Федор Степун - Сочинения
Известно, что в России осужденные считаются в народе несчастными людьми. К ним относятся с определенной симпатией и постоянной готовностью им помочь. Достоевский сознательно подчеркивает это в своем творчестве и делает из этого даже род обязанности — любить преступников как несчастных, причем ему, что очень важно, были чужды тогдашние тенденции объяснять каждое преступление теорией среды и наследственности. Он даже высказывал мнение, что преступник может иметь моральные претензии в отношении своего приговора, так как благодаря приговору он становится этичным. Преступника должно не только любить, поскольку, кроме названного греха, в остальном он не виновен, но и потому что он виновен не сам и не столько сам, но и окружающие его. Мотив совиновности является у Достоевского существеннейшим; для него нет совершенно индивидуальной вины, так как каждый ответственен за все и за всех. Чувство любви к преступнику и сочувствие ему объясняются, таким образом, соучастием в грехе, за который он страдает перед судом, в то время как другие совиновные к суду не привлечены. Формула этого чувства есть в рассказе Леонида Андреева и звучит она примерно так: «Стыдно быть порядочным человеком»[303]. Собственно мотив этого высказывания это — опять-таки — совиновность. Андреев вовсе не хотел сказать, что это обязанность каждого — жить и поступать аморально. Его требование ведет к тому, чтобы каждому человеку было стыдно перед другими людьми важничать и гордиться своими манерами. До тех пор пока в мире существует воровство, убийство и разврат, никто не вправе чувствовать себя добродетельным.
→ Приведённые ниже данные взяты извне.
lemma reachable_refl: "x \<in> V \<Longrightarrow> reachable V E x x"
  unfolding reachable_def by (intro exI[of _ "[x]"]) (simp add: walk_def)

lemma reachable_sym: "reachable V E x y \<Longrightarrow> reachable V E y x"
  unfolding reachable_def by (metis walk_rev hd_rev last_rev)

lemma reachable_trans: "reachable V E x y \<Longrightarrow> reachable V E y z \<Longrightarrow> reachable V E x z"
  unfolding reachable_def
proof (elim exE conjE)
  fix p q assume p: "walk V E p" "hd p = x" "last p = y" and q: "walk V E q" "hd q = y" "last q = z"
  have "p \<noteq> []" "q \<noteq> []" using p q by (auto simp: walk_def)
  then have "hd (p @ tl q) = x" "last (p @ tl q) = z"
    using p q by (cases q; auto)+
  then show "\<exists>r. walk V E r \<and> hd r = x \<and> last r = z"
    using walk_append[OF p(1) q(1)] p q by auto
qed

lemma reachable_in_V: "reachable V E x y \<Longrightarrow> x \<in> V \<and> y \<in> V"
  unfolding reachable_def walk_def by (auto dest: hd_in_set last_in_set)

lemma reachable_edge: "{x, y} \<in> E \<Longrightarrow> x \<in> V \<Longrightarrow> y \<in> V \<Longrightarrow> reachable V E x y"
  unfolding reachable_def by (intro exI[of _ "[x, y]"]) (simp add: walk_def)

lemma components_eq_quotient:
  "components V E = V // {(x, y). reachable V E x y}"
proof -
  have "{u \<in> V. reachable V E v u} = {(x, y). reachable V E x y} `` {v}" for v
    by (auto dest: reachable_in_V)
  then show ?thesis unfolding components_def quotient_def by auto
qed

lemma equiv_reachable: "equiv V {(x, y). reachable V E x y}"
  by (rule equivI) (auto simp: refl_on_def sym_def trans_def
      intro: reachable_refl reachable_sym reachable_trans dest: reachable_in_V)

lemma two_components_partition:
  assumes "components V E = {X, Y}" "X \<noteq> Y"
  shows "X \<union> Y = V" "X \<inter> Y = {}"
  using Union_quotient[OF equiv_reachable[of V E]] quotient_disj[OF equiv_reachable[of V E], of X Y]
  by (simp_all add: assms components_eq_quotient[symmetric])

lemma component_edge_closed:
  assumes "X \<in> components V E" "x \<in> X" "y \<in> V" "{x, y} \<in> E"
  shows "y \<in> X"
  using assms reachable_in_V unfolding components_def
  by (auto intro: reachable_trans reachable_edge)

lemma dist_le_walk:
  assumes "walk V E p" shows "dist V E (hd p) (last p) \<le> length p - 1"
  unfolding dist_def using assms by (intro Least_le) (auto simp: walk_def)

lemma shortest_path_exists:
  assumes "reachable V E u v" obtains p where "shortest_path V E u v p"
proof -
  from assms obtain p where p: "walk V E p" "hd p = u" "last p = v"
    by (auto simp: reachable_def)
  then have "\<exists>n q. walk V E q \<and> hd q = u \<and> last q = v \<and> length q = Suc n"
    by (intro exI[of _ "length p - 1"] exI[of _ p]) (auto simp: walk_def)
  then have "\<exists>q. walk V E q \<and> hd q = u \<and> last q = v \<and> length q = Suc (dist V E u v)"
    unfolding dist_def by (rule LeastI_ex)
  then show ?thesis using that by (auto simp: shortest_path_def)
qed

lemma shortest_path_distinct:
  assumes sp: "shortest_path V E u v p" shows "distinct p"
proof (rule ccontr)
  assume "\<not> distinct p"
  then obtain i j where ij: "i < j" "j < length p" "p ! i = p ! j"
    by (metis distinct_conv_nth linorder_neqE_nat)
  have p: "walk V E p" "hd p = u" "last p = v" "length p = Suc (dist V E u v)"
    using sp by (auto simp: shortest_path_def)
  have tl_drop_j: "tl (drop j p) = drop (Suc j) p"
    by (simp add: drop_Suc tl_drop)
  define q where "q = take (Suc i) p @ drop (Suc j) p"
  have q: "walk V E q"
    unfolding q_def tl_drop_j[symmetric] using ij p(1)
    by (intro walk_append walk_take walk_drop) (auto simp: take_Suc_conv_app_nth hd_drop_conv_nth)
  have "hd q = u"
    using ij p(2) by (cases p) (auto simp: q_def)
  moreover have "last q = v"
  proof (cases "Suc j = length p")
    case True
    then have "last p = p ! j"
      by (metis diff_Suc_1 last_conv_nth list.size(3) nat.distinct(1))
    then show ?thesis
      using True ij p(3) by (simp add: q_def take_Suc_conv_app_nth)
  next
    case False
    then show ?thesis
      using ij p(3) by (simp add: q_def)
  qed
  ultimately have "dist V E u v \<le> length q - 1"
    using dist_le_walk[OF q] by simp
  moreover have "0 < length q" "length q < length p"
    using ij by (auto simp: q_def)
  ultimately show False
    using p(4) by linarith
qed

section \<open>Mirror cuts\<close>

locale mirror_cut =
  fixes V :: "'a set" and E :: "'a set set" and \<alpha> :: "'a \<Rightarrow> 'a" and A B :: "'a set"
  assumes automorphism: "automorphism V E \<alpha>"
    and cover: "A \<union> B = V"
    and disjoint: "A \<inter> B = {}"
    and image_A: "\<alpha> ` A = B"
    and swaps_crossing_edge: "{x, y} \<in> E \<Longrightarrow> x \<in> A \<Longrightarrow> y \<in> B \<Longrightarrow> \<alpha> x = y \<and> \<alpha> y = x"
begin

lemma image_B: "\<alpha> ` B = A"
proof -
  have "inj_on \<alpha> V" "\<alpha> ` V = V"
    using automorphism by (auto simp: automorphism_def bij_betw_def)
  moreover have "B = V - A" "A \<subseteq> V"
    using cover disjoint by auto
  ultimately have "\<alpha> ` B = V - B"
    using image_A by (simp add: inj_on_image_set_diff)
  then show ?thesis
    using cover disjoint by auto
qed

lemma swap: "mirror_cut V E \<alpha> B A"
  by unfold_locales
    (use automorphism cover disjoint image_B swaps_crossing_edge in \<open>auto simp: insert_commute\<close>)

end

lemma mirror_cut_of_class:
  assumes aut: "automorphism V E \<alpha>" and swaps: "\<forall>u v. {u, v} \<in> F \<longrightarrow> \<alpha> u = v"
    and halves: "C1 \<noteq> C2" "components V (E - F) = {C1, C2}" "\<alpha> ` C1 = C2"
  shows "mirror_cut V E \<alpha> C1 C2"
proof -
  have cover: "C1 \<union> C2 = V" and disj: "C1 \<inter> C2 = {}"
    using two_components_partition[OF halves(2,1)] by auto
  have "{x, y} \<in> F" if "{x, y} \<in> E" "x \<in> C1" "y \<in> C2" for x y
    using component_edge_closed[of C1 V "E - F" x y] that halves cover disj by auto
  then show ?thesis
    by unfold_locales (use aut cover disj halves(3) swaps in \<open>auto simp: insert_commute\<close>)
qed

lemma mirror_graph_edge_cut:
  assumes mg: "mirror_graph V E" and e: "{b, c} \<in> E"
  obtains \<alpha> A B where "mirror_cut V E \<alpha> A B" "b \<in> A" "c \<in> B"
proof -
  from mg obtain P where P: "partition_on E P" and
    H: "\<forall>F\<in>P. \<exists>\<alpha>. automorphism V E \<alpha> \<and> (\<forall>u v. {u, v} \<in> F \<longrightarrow> \<alpha> u = v) \<and>
           (\<exists>C1 C2. C1 \<noteq> C2 \<and> components V (E - F) = {C1, C2} \<and> \<alpha> ` C1 = C2)"
    unfolding mirror_graph_def by blast
  from P e obtain F where F: "F \<in> P" "{b, c} \<in> F"
    unfolding partition_on_def by blast
  obtain \<alpha> where aut: "automorphism V E \<alpha>" and swaps: "\<forall>u v. {u, v} \<in> F \<longrightarrow> \<alpha> u = v"
    and "\<exists>C1 C2. C1 \<noteq> C2 \<and> components V (E - F) = {C1, C2} \<and> \<alpha> ` C1 = C2"
    using bspec[OF H F(1)] by meson
  then obtain C1 C2 where halves: "C1 \<noteq> C2" "components V (E - F) = {C1, C2}" "\<alpha> ` C1 = C2"
    by (elim exE conjE) (rule that)
  have cut: "mirror_cut V E \<alpha> C1 C2"
    using mirror_cut_of_class[OF aut swaps halves] .
  have "\<alpha> b = c"
    using swaps F(2) by blast
  have "simple_graph V E"
    using mg by (simp add: mirror_graph_def)
  then have "b \<in> V"
    using e by (auto simp: simple_graph_def doubleton_eq_iff)
  then consider "b \<in> C1" | "b \<in> C2"
    using mirror_cut.cover[OF cut] by blast
  then show ?thesis
  proof cases
    case 1
    then show ?thesis
      using that[OF cut] halves(3) \<open>\<alpha> b = c\<close> by blast
  next
    case 2
    then show ?thesis
      using that[OF mirror_cut.swap[OF cut]] mirror_cut.image_B[OF cut] \<open>\<alpha> b = c\<close> by blast
  qed
qed

section \<open>Convex cycles as periodic vertex sequences\<close>

lemma range_shift: "range (\<lambda>j. f (c + j)) = range (f :: 'a::group_add \<Rightarrow> 'b)"
  using image_image[of f "(+) c" UNIV] by simp

lemma range_reflect: "range (\<lambda>j. f (c - j)) = range (f :: 'a::group_add \<Rightarrow> 'b)"
  using image_image[of f "(-) c" UNIV] by simp
(* Let $F$ be a perfect field of characteristic $\neq 2$ and let $(V,q)$ be a nondegenerate quadratic space over $F$ with $\dim V=n=2m+1$, $m$ odd, of maximal Witt index, with basis $\{e_0,e_1,f_1,\ldots,e_m,f_m\}$ where $q(e_0)\neq0$, $e_0\perp e_i,f_i$, $B(e_i,f_j)=\delta_{ij}$, $B(e_i,e_j)=0=B(f_i,f_j)$. Let $t$ be an element of $T=\{\lambda_0\prod_{i=1}^m(e_i+f_i)(e_i+\lambda_if_i):\lambda_i\in F^*\}\subseteq\Gamma^+(V,q)$. Then there exists $s\in\Gamma^+(V,q)$ such that $sts^{-1}=N(t)t^{-1}$, $N(s)=1$ and $s^2=(-1)^{m(m+1)/2}$.
   Context: $B(x,y)=q(x+y)-q(x)-q(y)$. $C(V,q)=T(V)/\langle x\otimes x-q(x)\cdot1\rangle=C_0\oplus C_1$, $\Gamma(V,q)=\{u\in C(V,q)^\times: uVu^{-1}\subseteq V\}$, $\Gamma^+(V,q)=\Gamma(V,q)\cap C_0(V,q)$. With $\tau$ the anti-involution reversing products of vectors, $N(u)=\tau(u)u$. *)

theory Defs
  imports Main
begin

definition perfect_field :: "'a::field itself \<Rightarrow> bool" where
  "perfect_field _ \<longleftrightarrow> CHAR('a) = 0 \<or> (\<forall>x::'a. \<exists>y. y ^ CHAR('a) = x)"

(* V = F^n, coordinates w.r.t. the basis.  Index 0 is e_0, index 2i-1 is e_i,
   index 2i is f_i (1 \<le> i \<le> m), n = 2m+1. *)
definition vecsp :: "nat \<Rightarrow> (nat \<Rightarrow> 'a::zero) set" where
  "vecsp n = {x. \<forall>i\<ge>n. x i = 0}"

(* the quadratic form with q(e_0) = a, e_0 orthogonal to e_i,f_i, B(e_i,f_j)=\<delta>_ij,
   B(e_i,e_j) = 0 = B(f_i,f_j) (hence q(e_i) = q(f_i) = 0 as char \<noteq> 2). *)
definition qform :: "'a::field \<Rightarrow> nat \<Rightarrow> (nat \<Rightarrow> 'a) \<Rightarrow> 'a" where
  "qform a m x = a * (x 0)^2 + (\<Sum>i=1..m. x (2*i - 1) * x (2*i))"

definition basis_vec :: "nat \<Rightarrow> nat \<Rightarrow> 'a::{zero,one}" where
  "basis_vec k = (\<lambda>j. if j = k then 1 else 0)"

abbreviation e_vec :: "nat \<Rightarrow> nat \<Rightarrow> 'a::{zero,one}" where "e_vec i \<equiv> basis_vec (2*i - 1)"
abbreviation f_vec :: "nat \<Rightarrow> nat \<Rightarrow> 'a::{zero,one}" where "f_vec i \<equiv> basis_vec (2*i)"

(* Tensor algebra T(V): elements are finitely supported coefficient functions on
   words (lists) of basis indices < n. *)
type_synonym 'a tens = "nat list \<Rightarrow> 'a"

definition tens_ok :: "nat \<Rightarrow> 'a::zero tens \<Rightarrow> bool" where
  "tens_ok n u \<longleftrightarrow> finite {w. u w \<noteq> 0} \<and> (\<forall>w. u w \<noteq> 0 \<longrightarrow> set w \<subseteq> {..<n})"

definition tmul :: "'a::comm_ring_1 tens \<Rightarrow> 'a tens \<Rightarrow> 'a tens" where
  "tmul u v = (\<lambda>w. \<Sum>k\<le>length w. u (take k w) * v (drop k w))"

definition tadd :: "'a::comm_ring_1 tens \<Rightarrow> 'a tens \<Rightarrow> 'a tens" where
  "tadd u v = (\<lambda>w. u w + v w)"

definition tsub :: "'a::comm_ring_1 tens \<Rightarrow> 'a tens \<Rightarrow> 'a tens" where
  "tsub u v = (\<lambda>w. u w - v w)"

definition tsmul :: "'a::comm_ring_1 \<Rightarrow> 'a tens \<Rightarrow> 'a tens" where
  "tsmul c u = (\<lambda>w. c * u w)"

definition tone :: "'a::comm_ring_1 tens" where
  "tone = (\<lambda>w. if w = [] then 1 else 0)"

definition tvec :: "(nat \<Rightarrow> 'a::comm_ring_1) \<Rightarrow> 'a tens" where
  "tvec x = (\<lambda>w. case w of [i] \<Rightarrow> x i | _ \<Rightarrow> 0)"

definition tprod_list :: "'a::comm_ring_1 tens list \<Rightarrow> 'a tens" where
  "tprod_list us = foldr tmul us tone"

definition trev :: "'a tens \<Rightarrow> 'a tens" where
  "trev u = (\<lambda>w. u (rev w))"

inductive_set clideal :: "nat \<Rightarrow> ((nat \<Rightarrow> 'a::comm_ring_1) \<Rightarrow> 'a) \<Rightarrow> 'a tens set"
  for n q where
  zero: "(\<lambda>_. 0) \<in> clideal n q"
| gen: "x \<in> vecsp n \<Longrightarrow> tens_ok n u \<Longrightarrow> tens_ok n v \<Longrightarrow>
        tmul u (tmul (tsub (tmul (tvec x) (tvec x)) (tsmul (q x) tone)) v) \<in> clideal n q"
| add: "u \<in> clideal n q \<Longrightarrow> v \<in> clideal n q \<Longrightarrow> tadd u v \<in> clideal n q"

(* equality in C(V,q) = T(V)/I of the classes of two tensors *)
definition cl_eq :: "nat \<Rightarrow> ((nat \<Rightarrow> 'a::comm_ring_1) \<Rightarrow> 'a) \<Rightarrow> 'a tens \<Rightarrow> 'a tens \<Rightarrow> bool" where
  "cl_eq n q u v \<longleftrightarrow> tsub u v \<in> clideal n q"

definition cl_inv :: "nat \<Rightarrow> ((nat \<Rightarrow> 'a::comm_ring_1) \<Rightarrow> 'a) \<Rightarrow> 'a tens \<Rightarrow> 'a tens \<Rightarrow> bool" where
  "cl_inv n q u ui \<longleftrightarrow> tens_ok n ui \<and> cl_eq n q (tmul u ui) tone \<and> cl_eq n q (tmul ui u) tone"

definition cl_even :: "nat \<Rightarrow> ((nat \<Rightarrow> 'a::comm_ring_1) \<Rightarrow> 'a) \<Rightarrow> 'a tens \<Rightarrow> bool" where
  "cl_even n q u \<longleftrightarrow> (\<exists>u'. tens_ok n u' \<and> (\<forall>w. u' w \<noteq> 0 \<longrightarrow> even (length w)) \<and> cl_eq n q u u')"

definition in_Gamma :: "nat \<Rightarrow> ((nat \<Rightarrow> 'a::comm_ring_1) \<Rightarrow> 'a) \<Rightarrow> 'a tens \<Rightarrow> bool" where
  "in_Gamma n q u \<longleftrightarrow> tens_ok n u \<and> (\<exists>ui. cl_inv n q u ui \<and>
     (\<forall>x\<in>vecsp n. \<exists>y\<in>vecsp n. cl_eq n q (tmul (tmul u (tvec x)) ui) (tvec y)))"

definition in_Gamma_plus :: "nat \<Rightarrow> ((nat \<Rightarrow> 'a::comm_ring_1) \<Rightarrow> 'a) \<Rightarrow> 'a tens \<Rightarrow> bool" where
  "in_Gamma_plus n q u \<longleftrightarrow> in_Gamma n q u \<and> cl_even n q u"

definition Nrm :: "'a::comm_ring_1 tens \<Rightarrow> 'a tens" where
  "Nrm u = tmul (trev u) u"

definition T_elem :: "nat \<Rightarrow> (nat \<Rightarrow> 'a::field) \<Rightarrow> 'a tens" where
  "T_elem m lam = tsmul (lam 0) (tprod_list (map (\<lambda>i.
      tmul (tadd (tvec (e_vec i)) (tvec (f_vec i)))
           (tadd (tvec (e_vec i)) (tsmul (lam i) (tvec (f_vec i))))) [1..<m+1]))"

end

theory Submission
  imports Defs
begin

(*
  Take s = e_0 y_1 ... y_m with y_1 = e_1 + a\<^sup>-\<^sup>1 f_1 and y_i = e_i + f_i for i \<ge> 2: a product of
  m + 1 pairwise orthogonal vectors whose q-values multiply to q(e_0) q(y_1) = 1.  Hence s is even
  (m is odd), lies in \<Gamma>, N(s) = 1 and s\<^sup>2 = (-1)^(m(m+1)/2).

  Write t = \<lambda>_0 u_1 v_1 ... u_m v_m with u_i = e_i + f_i and v_i = e_i + \<lambda>_i f_i.  Conjugating
  u_i v_i by a vector orthogonal to the plane \<langle>e_i, f_i\<rangle> only multiplies it by the q-value of that
  vector, while conjugation by y_i reverses it to v_i u_i; all scalars cancel, so s u_i v_i s\<^sup>-\<^sup>1 = v_i u_i.
  Since v_i u_i commutes with the vectors of the other planes, s t s\<^sup>-\<^sup>1 = \<lambda>_0 v_m u_m ... v_1 u_1 = \<tau>(t),
  and \<tau>(t) = N(t) t\<^sup>-\<^sup>1 for every invertible t.
*)

section \<open>The tensor algebra\<close>

lemma tmul_assoc: "tmul u (tmul v z) = tmul (tmul u v) (z::'a::comm_ring_1 tens)"
proof
  fix w :: "nat list"
  define L where "L = length w"
  define G where "G = (\<lambda>a b. u (take a w) * v (take (b-a) (drop a w)) * z (drop b w))"
  have "tmul u (tmul v z) w = (\<Sum>k\<le>L. \<Sum>j\<le>L-k. G k (k+j))"
    unfolding tmul_def G_def L_def
    by (simp add: sum_distrib_left mult.assoc add.commute)
  also have "\<dots> = sum (\<lambda>(k,j). G k (k+j)) (SIGMA k:{..L}. {..L-k})"
    by (simp add: sum.Sigma)
  also have "\<dots> = sum (\<lambda>(b,a). G a b) (SIGMA b:{..L}. {..b})"
    by (rule sum.reindex_bij_witness[where i="\<lambda>(b,a). (a, b-a)" and j="\<lambda>(k,j). (k+j, k)"]) auto
  also have "\<dots> = (\<Sum>b\<le>L. \<Sum>a\<le>b. G a b)"
    by (simp add: sum.Sigma)
  also have "\<dots> = tmul (tmul u v) z w"
    unfolding tmul_def G_def L_def
    by (auto simp: sum_distrib_right min_def take_drop split: if_splits intro!: sum.cong)
  finally show "tmul u (tmul v z) w = tmul (tmul u v) z w" .
qed

lemma tmul_tone_left [simp]: "tmul tone u = (u::'a::comm_ring_1 tens)"
proof
  fix w
  have "tmul tone u w = (\<Sum>k\<le>length w. if k = 0 then u (drop k w) else 0)"
    unfolding tmul_def by (rule sum.cong) (auto simp: tone_def)
  then show "tmul tone u w = u w" by simp
qed

lemma tmul_tone_right [simp]: "tmul u tone = (u::'a::comm_ring_1 tens)"
proof
  fix w
  have "tmul u tone w = (\<Sum>k\<le>length w. if k = length w then u (take k w) else 0)"
    unfolding tmul_def by (rule sum.cong) (auto simp: tone_def)
  then show "tmul u tone w = u w" by simp
qed

lemma tmul_tadd_left: "tmul (tadd u v) z = tadd (tmul u z) (tmul v (z::'a::comm_ring_1 tens))"
  by (rule ext) (simp add: tmul_def tadd_def sum.distrib algebra_simps)

lemma tmul_tadd_right: "tmul z (tadd u v) = tadd (tmul z u) (tmul z (v::'a::comm_ring_1 tens))"
  by (rule ext) (simp add: tmul_def tadd_def sum.distrib algebra_simps)

lemma tmul_tsub_left: "tmul (tsub u v) z = tsub (tmul u z) (tmul v (z::'a::comm_ring_1 tens))"
  by (rule ext) (simp add: tmul_def tsub_def sum_subtractf algebra_simps)

lemma tmul_tsub_right: "tmul z (tsub u v) = tsub (tmul z u) (tmul z (v::'a::comm_ring_1 tens))"
  by (rule ext) (simp add: tmul_def tsub_def sum_subtractf algebra_simps)

lemma tmul_tsmul_left [simp]: "tmul (tsmul c u) z = tsmul c (tmul u (z::'a::comm_ring_1 tens))"
  by (rule ext) (simp add: tmul_def tsmul_def sum_distrib_left algebra_simps)

lemma tmul_tsmul_right [simp]: "tmul z (tsmul c u) = tsmul c (tmul z (u::'a::comm_ring_1 tens))"
  by (rule ext) (simp add: tmul_def tsmul_def sum_distrib_left algebra_simps)

lemma tsmul_tsmul [simp]: "tsmul c (tsmul d u) = tsmul (c * d) (u::'a::comm_ring_1 tens)"
  by (rule ext) (simp add: tsmul_def)

lemma tsmul_one [simp]: "tsmul 1 u = (u::'a::comm_ring_1 tens)"
  by (rule ext) (simp add: tsmul_def)

lemma tmul_nonzeroD:
  assumes "tmul u v w \<noteq> 0"
  obtains x y where "w = x @ y" "u x \<noteq> 0" "v y \<noteq> 0"
proof -
  from assms obtain k where "u (take k w) * v (drop k w) \<noteq> 0"
    unfolding tmul_def by (metis (no_types, lifting) sum.neutral)
  then show thesis by (intro that[of "take k w" "drop k w"]) auto
qed

lemma tens_ok_tsmul [intro]:
  assumes "tens_ok n u"
  shows "tens_ok n (tsmul c u)"
proof -
  have "{w. tsmul c u w \<noteq> 0} \<subseteq> {w. u w \<noteq> 0}"
    by (auto simp: tsmul_def)
  then show ?thesis
    using assms unfolding tens_ok_def by (meson finite_subset mem_Collect_eq subsetD)
qed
Если попытаться понять все то, что Россией отвергнуто, то нужно рассмотреть прежде всего образ западноевропейского филистера, как его видели русские. Будучи пламенным почитателем революционной Франции, спешил А.Герцен в 1847 г. в Париж. Ему не терпелось увидеть Пор-Рояль и Бастилию. Но путь, по которому пошла Вторая республика и который привел к восстановлению монархии, горько разочаровал его. Это разочарование объясняется тем, что французы — будь то дворянство, третье сословие или четвертое — совершенно одинаково были безнадежными филистерами. Правда, могли они на короткое время опьяниться революцией, но оставаться на всю жизнь переполненными духом созидательной революции они были не в состоянии. После пережитого во Франции разочарования западник Герцен обращается к России, этой стране без филистеров. Отныне от России ожидает он социалистического строительства мира.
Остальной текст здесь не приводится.